* _EXERCISE BRIEF_: Return a copy of every line in the data below that contains "True".

Dataset entries
= = = = = = =
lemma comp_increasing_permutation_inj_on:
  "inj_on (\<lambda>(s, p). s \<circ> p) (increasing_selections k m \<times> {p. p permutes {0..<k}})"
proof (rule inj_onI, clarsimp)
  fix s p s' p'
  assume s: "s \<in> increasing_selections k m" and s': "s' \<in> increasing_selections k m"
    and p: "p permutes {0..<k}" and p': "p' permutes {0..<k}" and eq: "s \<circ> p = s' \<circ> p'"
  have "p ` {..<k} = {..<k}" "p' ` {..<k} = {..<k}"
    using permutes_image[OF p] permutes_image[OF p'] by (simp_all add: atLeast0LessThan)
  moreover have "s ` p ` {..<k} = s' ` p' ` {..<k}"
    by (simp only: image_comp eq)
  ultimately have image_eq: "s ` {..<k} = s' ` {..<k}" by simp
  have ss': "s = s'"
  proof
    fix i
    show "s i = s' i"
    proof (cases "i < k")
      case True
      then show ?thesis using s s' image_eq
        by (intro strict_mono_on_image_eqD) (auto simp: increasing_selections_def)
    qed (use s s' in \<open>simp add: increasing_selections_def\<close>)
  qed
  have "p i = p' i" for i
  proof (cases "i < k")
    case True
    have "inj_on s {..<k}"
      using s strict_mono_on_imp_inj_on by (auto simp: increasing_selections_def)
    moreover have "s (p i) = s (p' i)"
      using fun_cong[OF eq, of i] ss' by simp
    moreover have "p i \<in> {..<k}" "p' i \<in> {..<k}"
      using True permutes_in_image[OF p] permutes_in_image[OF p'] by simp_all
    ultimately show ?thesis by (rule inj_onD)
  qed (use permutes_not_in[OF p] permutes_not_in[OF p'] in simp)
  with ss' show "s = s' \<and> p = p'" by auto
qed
= = = = = = =
* _RESPONSE BELOW_:
      case True
    case True
      using True permutes_in_image[OF p] permutes_in_image[OF p'] by simp_all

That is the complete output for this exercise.